Вот пару случаев из Сашиного дела. В числе всего был «добыт» и сервиз, по-моему, чайный, цена которого, если выставлялся бы на аукционе, определялась бы шестизначной цифрой, но он был сдан перекупщику за несколько тысяч долларов.
При подготовке к очной ставке с этим коллекционером, подследственный готовился долго и уверенно, отращивая бороду и волосы, прокуратура, подробно следившая за всеми изменениями в его внешности, подготовила таких же статистов. На сколько же все были шокированы, когда под конвоем на процедуру привели совершенно наголо бритого заключённого, то есть даже с блеском бильярдного шара и улыбкой Чеширского кота, и это на фоне двух обросших бородачей! Возобновить заново, в другое время, процедуру не представлялось возможным, поэтому в обход всем законным актам, свидетель признал его и так, несмотря на то, что в принципе лица его не видел никогда — лишь глаза в прорези опущенной до подбородка шапки. Эх, времена, эх, нравы!
Отправили его на восемь лет в Иркутск, но через пятилетку мы уже встретились на юге Испании, в доме его брата «Оси», и я с интересом слушал его длинный рассказ. Несомненно, жизнь его научила многому, одновременно закалив многие качества, но на вопрос: «Что собираешься делать?» — он ответил: «Что брат скажет». Его зубы, все, кроме задних восьми, были потеряны во время следствия, а новые ещё не вставили, и звучало это хоть и печально, но улыбку всё же вызвало.
Правда ли, нет ли, но «Ося» рассказывал, что беззаботная жизнь в лагере обходилась около пяти тысяч долларов в месяц. На эту сумму существовали не только некоторые сотрудники, но и ползоны, включая проституток, которых к нему привозили не реже раза в две недели. А еще — достойное питание с хорошим столом, насколько возможно, вседозволенность и гарантия ухода по УДО.
У Гусятинского было несколько иначе.
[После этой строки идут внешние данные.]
lemma mean_ge_on_Fset_OmegaTl_replicate:
  assumes "m \<ge> 2" "n \<ge> 1" "Smin < Smax" "0 \<le> \<alpha>" "k < m"
    and "F \<in> Fset m n Smin Smax (OmegaTl m n Smin Smax (replicate n (Sgrid m Smin Smax k))) \<alpha>"
  shows "Smin * (1 - root n \<alpha>) + Sgrid m Smin Smax k * root n \<alpha> \<le> mean m Smin Smax F"
proof -
  let ?c = "Smin * (1 - root n \<alpha>) + Sgrid m Smin Smax k * root n \<alpha>"
  have "?c \<le> mean m Smin Smax F"
    if "F \<in> prob_simplex m" "\<alpha> < (\<Sum>i=k..<m. F i) ^ n" for F
  proof (rule mean_ge_tail_mass [OF assms(1,3,5) that(1)])
    have "root n \<alpha> ^ n = \<alpha>"
      using assms(2,4) by (intro real_root_pow_pos2) auto
    moreover have "0 \<le> (\<Sum>i=k..<m. F i)"
      using that(1) by (intro sum_nonneg) (simp add: prob_simplex_nonneg)
    ultimately show "root n \<alpha> \<le> (\<Sum>i=k..<m. F i)"
      using that(2) by (metis less_imp_le power_less_imp_less_base)
  qed
  moreover have "closed {F. ?c \<le> mean m Smin Smax F}"
    using continuous_on_mean by (intro closed_Collect_le continuous_on_const) auto
  ultimately have "Fset m n Smin Smax (OmegaTl m n Smin Smax (replicate n (Sgrid m Smin Smax k))) \<alpha>
      \<subseteq> {F. ?c \<le> mean m Smin Smax F}"
    unfolding Fset_def Gset_OmegaTl_replicate [OF assms(1,3,5)]
    by (intro closure_minimal) auto
  then show ?thesis
    using assms(6) by blast
qed

definition two_point :: "nat \<Rightarrow> real \<Rightarrow> nat \<Rightarrow> real" where
  "two_point k s i = (if i = 0 then 1 - s else 0) + (if i = k then s else 0)"

lemma two_point_in_prob_simplex:
  assumes "k < m" "0 \<le> s" "s \<le> 1"
  shows "two_point k s \<in> prob_simplex m"
proof -
  have "(\<Sum>i<m. two_point k s i) = 1"
    using assms by (simp add: two_point_def sum.distrib)
  then show ?thesis
    using assms unfolding prob_simplex_def two_point_def by auto
qed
Обладая неограниченной властью над другими, он не мог властвовать над собой, страх сковал его, и чтобы как-то развеять сковывающий ужас от нового, непривычного положения нахождения в тюрьме, он ежедневно требовал общения с адвокатом, на что и работала наша, вовремя созданная контора «Согласие» во главе с Ильёй Рыжковым и с уже имевшими на тот период вес Мидлиным, Долей и Кононенко.
Беседы сопровождались написанием длинных писем, ксерокопии которых Андрей мне передал перед поездкой в Киев, дабы разбить в пух и прах, возможно, оставшееся хорошее мнение о шефе. Письма — «малявы», на нескольких плотно сжатых, исписанных мелким почерком страницах — содержали просьбы, редко указания по делу, а порой проскальзывали и мольбы о скорейшем освобождении, перекрывавшие своим объемом и энергетическим выплеском темы семьи, бригады и даже недавно родившейся дочки.
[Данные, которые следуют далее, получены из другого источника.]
(* Let $(K,v)$ be an extremal valued field with nontrivial valuation, divisible value group $\Gamma$, valuation ring $\mathcal{O}_v$, maximal ideal $\mathfrak{m}_v$, and residue field $k$ which is not algebraically closed. Then there is no polynomial $f(Y,Z)\in\mathcal{O}_v[Y,Z]$ such that both (i) there are $\alpha_1,\dots,\alpha_m\in k$ such that for every $\alpha\in k\setminus\{\alpha_1,\dots,\alpha_m\}$ the equation $\bar f(\alpha,z)=0$ has no solution $z\in k$ (where $\bar f\in k[Y,Z]$ is the reduction of $f$ modulo $\mathfrak{m}_v$), and (ii) for every $\epsilon\in\mathfrak{m}_v$ the equation $f(\epsilon,Z)=0$ has a solution in $\mathcal{O}_v$.
   Context: $(K,v)$ with valuation ring $\mathcal{O}_v$ and value group $\Gamma$ (and $v(0)=\infty$) is extremal if for every $n\ge1$ and every $F\in K[X_1,\dots,X_n]$ the set $\{v(F(a_1,\dots,a_n)) : a_i\in\mathcal{O}_v\}\subseteq\Gamma\cup\{\infty\}$ has a maximal element. *)

theory Defs
  imports "HOL-Computational_Algebra.Polynomial"
begin

text \<open>A (Krull) valuation on a field, given on nonzero elements; the value at 0
  is junk and is treated as infinity by all definitions below.\<close>
definition valuation :: "('a::field \<Rightarrow> 'g::linordered_ab_group_add) \<Rightarrow> bool" where
  "valuation v \<longleftrightarrow>
     (\<forall>x y. x \<noteq> 0 \<longrightarrow> y \<noteq> 0 \<longrightarrow> v (x * y) = v x + v y) \<and>
     (\<forall>x y. x \<noteq> 0 \<longrightarrow> y \<noteq> 0 \<longrightarrow> x + y \<noteq> 0 \<longrightarrow> min (v x) (v y) \<le> v (x + y))"

definition val_ring :: "('a::field \<Rightarrow> 'g::linordered_ab_group_add) \<Rightarrow> 'a set" where
  "val_ring v = {x. x = 0 \<or> 0 \<le> v x}"

definition max_ideal :: "('a::field \<Rightarrow> 'g::linordered_ab_group_add) \<Rightarrow> 'a set" where
  "max_ideal v = {x. x = 0 \<or> 0 < v x}"

definition value_group :: "('a::field \<Rightarrow> 'g::linordered_ab_group_add) \<Rightarrow> 'g set" where
  "value_group v = v ` (UNIV - {0})"

definition nontrivial_val :: "('a::field \<Rightarrow> 'g::linordered_ab_group_add) \<Rightarrow> bool" where
  "nontrivial_val v \<longleftrightarrow> (\<exists>x. x \<noteq> 0 \<and> v x \<noteq> 0)"

definition divisible_group :: "'g::linordered_ab_group_add set \<Rightarrow> bool" where
  "divisible_group G \<longleftrightarrow> (\<forall>g\<in>G. \<forall>n::nat. n \<ge> 1 \<longrightarrow> (\<exists>h\<in>G. (\<Sum>_<n. h) = g))"

inductive_set polyfun :: "nat \<Rightarrow> ((nat \<Rightarrow> 'a::comm_ring_1) \<Rightarrow> 'a) set" for n :: nat where
  const: "(\<lambda>_. c) \<in> polyfun n"
| var: "i < n \<Longrightarrow> (\<lambda>a. a i) \<in> polyfun n"
| add: "F \<in> polyfun n \<Longrightarrow> G \<in> polyfun n \<Longrightarrow> (\<lambda>a. F a + G a) \<in> polyfun n"
| mult: "F \<in> polyfun n \<Longrightarrow> G \<in> polyfun n \<Longrightarrow> (\<lambda>a. F a * G a) \<in> polyfun n"

text \<open>Extremality: for every polynomial F in n \<ge> 1 variables, the set
  of values v(F(a)) for a in O^n, inside Gamma with infinity, has a maximum. The maximum is
  infinity iff F has a zero in O^n.\<close>
definition extremal :: "('a::field \<Rightarrow> 'g::linordered_ab_group_add) \<Rightarrow> bool" where
  "extremal v \<longleftrightarrow>
     (\<forall>n::nat. n \<ge> 1 \<longrightarrow> (\<forall>F \<in> polyfun n.
        (\<exists>a. (\<forall>i<n. a i \<in> val_ring v) \<and> F a = 0) \<or>
        (\<exists>a. (\<forall>i<n. a i \<in> val_ring v) \<and> F a \<noteq> 0 \<and>
             (\<forall>b. (\<forall>i<n. b i \<in> val_ring v) \<longrightarrow> F b \<noteq> 0 \<longrightarrow> v (F b) \<le> v (F a)))))"

text \<open>res is the residue map O \<rightarrow> k: a surjective ring homomorphism with kernel m,
  so k is (isomorphic to) O/m.\<close>
definition residue_map :: "('a::field \<Rightarrow> 'g::linordered_ab_group_add) \<Rightarrow> ('a \<Rightarrow> 'k::field) \<Rightarrow> bool" where
  "residue_map v res \<longleftrightarrow>
     (\<forall>x\<in>val_ring v. \<forall>y\<in>val_ring v. res (x + y) = res x + res y \<and> res (x * y) = res x * res y) \<and>
     res 1 = 1 \<and> res ` val_ring v = UNIV \<and>
     (\<forall>x\<in>val_ring v. res x = 0 \<longleftrightarrow> x \<in> max_ideal v)"

definition alg_closed_field :: "'k::field itself \<Rightarrow> bool" where
  "alg_closed_field _ \<longleftrightarrow> (\<forall>p::'k poly. degree p \<ge> 1 \<longrightarrow> (\<exists>x. poly p x = 0))"

definition eval2 :: "(nat \<Rightarrow> nat \<Rightarrow> 'a::comm_ring_1) \<Rightarrow> nat \<Rightarrow> 'a \<Rightarrow> 'a \<Rightarrow> 'a" where
  "eval2 c N y z = (\<Sum>i\<le>N. \<Sum>j\<le>N. c i j * y ^ i * z ^ j)"

end

theory Submission
  imports Defs
begin

text \<open>
  Choose a monic polynomial p over k of degree D \<ge> 1 without roots and lift it to a monic
  g over O; then g(x) is a unit for every x in O, and its homogenisation
  h(a,b) = \<Sum> g_i a^(D-i) b^i satisfies v(h(a,b)) = D min(v a, v b).
  For s in m \<setminus> 0 put H(x) = h(s,x) and Y_j(x) = u_j s^D / H(x) for two elements u_1, u_2 of O,
  chosen so that for x \<in> s O one of f(Y_j(x),Z) is rootless modulo m.  Clearing
  denominators, E_j(x,z) = H(x)^N f(Y_j(x),z) is a polynomial, and so is
  P(x,z_1,z_2) = h(h(E_1(x,z_1), E_2(x,z_2)), x^(MD)) with M = ND + 1.
  On O^3 the values v(P) stay strictly below K v(s) (K = D M D); extremality gives a
  maximal value \<gamma>, and divisibility of \<Gamma> yields x_0 with \<gamma> < K v(x_0) < K v(s).
  Then Y_j(x_0) \<in> m, so f(Y_j(x_0),Z) has roots z_j, and P(x_0,z_1,z_2) = x_0^K has
  value K v(x_0) > \<gamma>: a contradiction.
\<close>

subsection \<open>Natural multiples in ordered abelian groups\<close>

text \<open>n-fold sum, the additive counterpart of v(x^n) = n v(x); it matches the sums
  used in the definition of a divisible group.\<close>
definition nsm :: "nat \<Rightarrow> 'g::ab_group_add \<Rightarrow> 'g" where
  "nsm n g = (\<Sum>_<n. g)"

lemma nsm_0 [simp]: "nsm 0 g = 0"
  by (simp add: nsm_def)

lemma nsm_Suc [simp]: "nsm (Suc n) g = g + nsm n g"
  by (simp add: nsm_def add.commute)

lemma nsm_add: "nsm (m + n) g = nsm m g + nsm n g"
  by (induct m) (simp_all add: add.assoc)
«Иваныч» заботился о нём, как о себе, всегда была готова любая сумма. И в результате всех усилий суд, проходящий в Иркутске, вынес оправдательный приговор с формулировкой «За отсутствием улик», но Григорий был выпущен до этого под подписку о невыезде — за чисто «символическую» сумму в 1 миллион долларов, от которой я лично остолбенел на некоторое время! Такой суммой на тот период по его делу можно было «убить», в смысле «купить», почти любого судью, вплоть до «Верховного», учитывая не такую уж большую серьёзность предъявляемого ему обвинения. Что не получилось у Пылёвых через 11 лет, предлагавших за «подписку о невыезде» для себя по два миллиона долларов от каждого.
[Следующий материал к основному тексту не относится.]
lemma P_step_admissible:
  assumes "admissible (x, y, z)"
  shows "admissible (P_step (x, y, z))"
proof -
  define s where "s = x + y"
  have h: "0 \<le> y" "2 * y \<le> s" "0 < z" "2 * z \<le> 1 - s" using assms unfolding s_def by auto
  have "P_Y s 0 0 = 0" "0 < P_Z s 0 z" unfolding P_Y_def P_Z_def using h by (simp_all add: add_nonneg_pos)
  moreover have "P_Y s 0 0 \<le> P_Y s y z" "P_Z s 0 z \<le> P_Z s y z"
    using h by (intro P_Y_mono P_Z_mono; simp)+
  text \<open>The upper bounds are attained at the corner where \<open>p\<^sub>Y = p\<^sub>X\<close> and \<open>p\<^sub>Z = p\<^sub>I\<close>.\<close>
  moreover have "P_Y s y z \<le> P_Y s (s/2) ((1 - s)/2)" "P_Z s y z \<le> P_Z s (s/2) ((1 - s)/2)"
    using h by (intro P_Y_mono P_Z_mono; simp)+
  moreover have "2 * P_Y s (s/2) ((1 - s)/2) = P_sum s" "2 * P_Z s (s/2) ((1 - s)/2) = 1 - P_sum s"
    unfolding P_Y_def P_Z_def P_sum_def by (simp_all add: power2_eq_square power3_eq_cube field_simps)
  ultimately show ?thesis unfolding P_step_eq[OF s_def[symmetric]] by simp
qed

lemma P_step_yz_le:
  assumes "admissible (x1, y1, z1)" "admissible (x2, y2, z2)" "yz_le (x1, y1, z1) (x2, y2, z2)"
  shows "yz_le (P_step (x1, y1, z1)) (P_step (x2, y2, z2))"
proof -
  define s where "s = x1 + y1"
  have s2: "x2 + y2 = s" using assms(3) unfolding s_def by simp
  have h: "0 \<le> y1" "y1 \<le> y2" "y2 \<le> s" "0 \<le> z1" "z1 \<le> z2" "z2 \<le> 1 - s"
    using assms s2 unfolding s_def by auto
  show ?thesis
    using P_Y_mono[OF h] P_Z_mono[OF h] P_step_eq[OF s_def[symmetric]] P_step_eq[OF s2] by simp
qed

lemma apply_steps_admissible:
  "admissible t \<Longrightarrow> admissible (apply_steps ss t)"
proof (induction ss arbitrary: t)
  case (Cons b ss)
  then show ?case
    by (cases t) (simp add: B_step_admissible_of_admissible P_step_admissible)
qed simp

lemma apply_steps_yz_le:
  "admissible t1 \<Longrightarrow> admissible t2 \<Longrightarrow> yz_le t1 t2 \<Longrightarrow>
   yz_le (apply_steps ss t1) (apply_steps ss t2)"
proof (induction ss arbitrary: t1 t2)
  case (Cons b ss)
  obtain x1 y1 z1 x2 y2 z2 where t: "t1 = (x1, y1, z1)" "t2 = (x2, y2, z2)"
    by (cases t1, cases t2) auto
  show ?case
    using Cons t
    by (simp add: B_step_admissible_of_admissible P_step_admissible
        B_step_yz_le_of_admissible P_step_yz_le)
qed simp

lemma H2_has_real_derivative:
  assumes "0 < x" "x < 1"
  shows "(H2 has_real_derivative (log 2 (1 - x) - log 2 x)) (at x)"
proof -
  have "((\<lambda>x. - x * log 2 x - (1 - x) * log 2 (1 - x)) has_real_derivative
      (log 2 (1 - x) - log 2 x)) (at x)"
    using assms by (auto intro!: derivative_eq_intros)
  then show ?thesis by (simp add: H2_def [abs_def])
qed

lemma H2_mono:
  assumes "0 < p" "p \<le> q" "q \<le> 1/2"
  shows "H2 p \<le> H2 q"
proof (rule DERIV_nonneg_imp_increasing_open[OF assms(2)])
  fix x assume x: "p < x" "x < q"
  then have "log 2 x \<le> log 2 (1 - x)" using assms by simp
  then show "\<exists>y. (H2 has_real_derivative y) (at x) \<and> 0 \<le> y"
    using H2_has_real_derivative[of x] x assms by auto
next
  show "continuous_on {p..q} H2"
    using assms by (auto intro!: continuous_at_imp_continuous_on DERIV_isCont[OF H2_has_real_derivative])
qed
Смех заключается в том, что обычно прозорливые «главшпаны» покупают свою свободу и безопасность до ареста. Если вы слышали название той или иной группировки и не знаете о процессе над её участниками, подобно нашему, или «Кингесепской», «Слоновской» и так далее, то лишь потому, что их лидеры научились вести бизнес и правильно вкладывать деньги. И уж совсем не потому, что нет о них ни данных, ни сведений. Правда, здесь работает ещё один закон, старый, как сам государственный строй: если нет возможности победить преступность (а победить её, как любую «Гидру» и любой перманентный процесс, с постоянным замещением пустых мест, крайне сложно), то её нужно либо подчинить, поставив в зависимость, либо возглавить. Действительно, зачем убирать старых, прислушивающихся и уже имеющих, что терять, когда на их место придут точно хуже, точно голоднее, и, возможно, с новыми методами добывания денежных средств и борьбы, если гораздо прагматичнее, что-то позволяя им, создать из них же «бампер» со сдерживающим и смягчающим эффектом от вновь прибывающих и создающих новые структуры. И той и другой стороне достаточно создавать образы врагов, противопоставляя друг другу — разделяй и властвуй. И ведь работает, как вечный двигатель, со времён Гая Юлия Цезаря, а, скорее всего, гораздо раньше. Правда, с последним всё плохо закончилось, как с любым, кто потерял контроль или подумал о себе, как о Боге.
Гусятинский был на свободе, я, в числе многих, «имел счастье» общаться, но не как большинство, а тет-а-тет. Он, бывший силовой троеборец, всегда в мышечной массе, выглядел сейчас утёнком с тонкой шеей, причем далеко не прекрасным. В нём проглядывался какой-то надлом, видимый в его постоянно хаотически шаркающих глазах, ещё не отвыкших от казематных стен, которые вызывали в его душе ужас. И это мне не нравилось. Я убеждён, что любой страх, закравшийся в подсознание человека, всегда выползает не вовремя и заставляет принимать не только более жёсткие, но и часто неадекватные решения. Страхами мы живём, скрытыми — управляемся, завуалированными — многое пытаемся объяснить, и, зачастую, не со всеми имеем возможность бороться и всем противостоять, хотя бы потому, что не в состоянии всех разглядеть. Выход, мне кажется, в жёстком соответствии своим принципам, раз и навсегда выработанным, без оглядок на временно волнующие и часто меняющиеся обстоятельства. Как всегда скажу про исключения, но они должны быть всегда в положительную сторону и служить напоминанием тех же самых правил. Иначе хаос перестанет быть порядком, и из получившегося бардака вытечет новый, в котором неизвестно, найдётся ли для вас место.
Мы расстались со словами, с его стороны: «Готовься, работы будет много», с моей: «Как всегда, и наверняка ещё вчера нужной», — и распрощались кивками головы. Впрочем, на «старых дрожжах» вес в криминалитете он набирал быстро, хотя никто особенно и не старался его расшатывать, как, впрочем, и вес тела. Купленная сразу по освобождению новая дублёнка стала трещать по швам. И настроение поднималось новыми покупками в неограниченных количествах. Быстро восстанавливалась и уверенность в себе и в своих силах. Здесь же впервые, кажется, он увидел угрозу в Пылёвых, а Олег, один них, по всей видимости, привыкнув к самостоятельности, давал тому немало поводов.